(Updates bond yields starting in third paragraph.)
July 6 (Bloomberg) -- Ireland’s credit rating may be cut to junk by Moody’s Investors Service after Portugal yesterday lost its investment grade rating, according to analysts.
Moody, which slashed Portugal to Ba2 from Baa1, in April lowered Ireland’s credit rating to the lowest investment grade Baa3 and left country’s outlook on negative.
The ratings company cut Portugal’s rating in part because the nation may not be able to return to debt markets in the second half of 2013. Ireland has been locked out of markets since September, and the yield on 10-year Irish bonds climbed to 12.44 percent today, a euro-area record for the country that agreed to a rescue package with the European Union and International Monetary Fund last November.
“If not re-entering the public funding markets has significance for a sovereign’s rating, then clearly if our view proves correct, then Ireland will suffer an imminent downgrade,” Cathal O’Leary, head of fixed income sales at Dublin-based NCB Stockbrokers, said in a note today.
The yield on Irish two-year notes climbed 239 basis points to 15.27 percent as of 2:35 p.m. in London, the first time it has been above 15 percent.
The downgrade of Portugal highlighted “contagion risks” for Ireland, Goodbody Stockbrokers said today. Moody’s said potential investor involvement in a new Greek bailout makes it more likely the EU will require creditors to eventually contribute to aiding the Portuguese.

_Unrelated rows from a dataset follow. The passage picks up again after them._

lemma lin_ext_cong: "(\<And>s. s \<in> supp u \<Longrightarrow> F s = G s) \<Longrightarrow> lin_ext F u = lin_ext G u"
  by (simp add: lin_ext_def)

lemma lin_ext_cell_chain_id:
  assumes "finite (supp u)"
  shows "lin_ext cell_chain u = u"
proof
  fix t
  have "lin_ext cell_chain u t = (\<Sum>s\<in>supp u. if s = t then u s else 0)"
    unfolding lin_ext_def by (intro sum.cong) (auto simp: cell_chain_def)
  also have "\<dots> = u t"
    using assms by (simp add: sum.delta') (auto simp: supp_def)
  finally show "lin_ext cell_chain u t = u t" .
qed

lemma supp_lin_ext: "supp (lin_ext F u) \<subseteq> (\<Union>s\<in>supp u. supp (F s))"
proof
  fix t assume "t \<in> supp (lin_ext F u)"
  then have "(\<Sum>s\<in>supp u. u s * F s t) \<noteq> 0" by (simp add: supp_def lin_ext_def)
  then obtain s where "s \<in> supp u" "u s * F s t \<noteq> 0"
    by (rule sum.not_neutral_contains_not_neutral)
  then show "t \<in> (\<Union>s\<in>supp u. supp (F s))" by (auto simp: supp_def)
qed

lemma finite_supp_lin_ext:
  assumes "finite (supp u)" "\<And>s. s \<in> supp u \<Longrightarrow> finite (supp (F s))"
  shows "finite (supp (lin_ext F u))"
  using supp_lin_ext[of F u] assms by (meson finite_UN_I finite_subset)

Portugal joined Greece as the second euro country rated non-investment grade by Moody’s, which suggested the government may struggle to meet the terms of its bailout.
Ireland is achieving the targets of its rescue agreement, Irish junior minister Brian Hayes said in an interview with Dublin-based broadcaster RTE, ahead of planned talks today with representatives of the rescue partners.
Representatives of the European Central Bank, International Monetary Fund and European Commission, the so-called troika, are in Dublin today for the quarterly review of Ireland’s bailout.
“The important point is that we are on target,” Hayes said in the interview. “The key task is to get out of this program.”
Finance Minister Michael Noonan said yesterday he may seek a bigger budget correction than the 3.6 billion euros planned for 2012, to ensure the government meets its target of narrowing the fiscal deficit to 8.6 percent of gross domestic product next year.
“Ireland may not be treated in the same manner as Portugal,” Conall MacCoille, an economist at Dublin-based securities firm Davy, said in a note today, citing the government’s progress in meeting its deficit goals.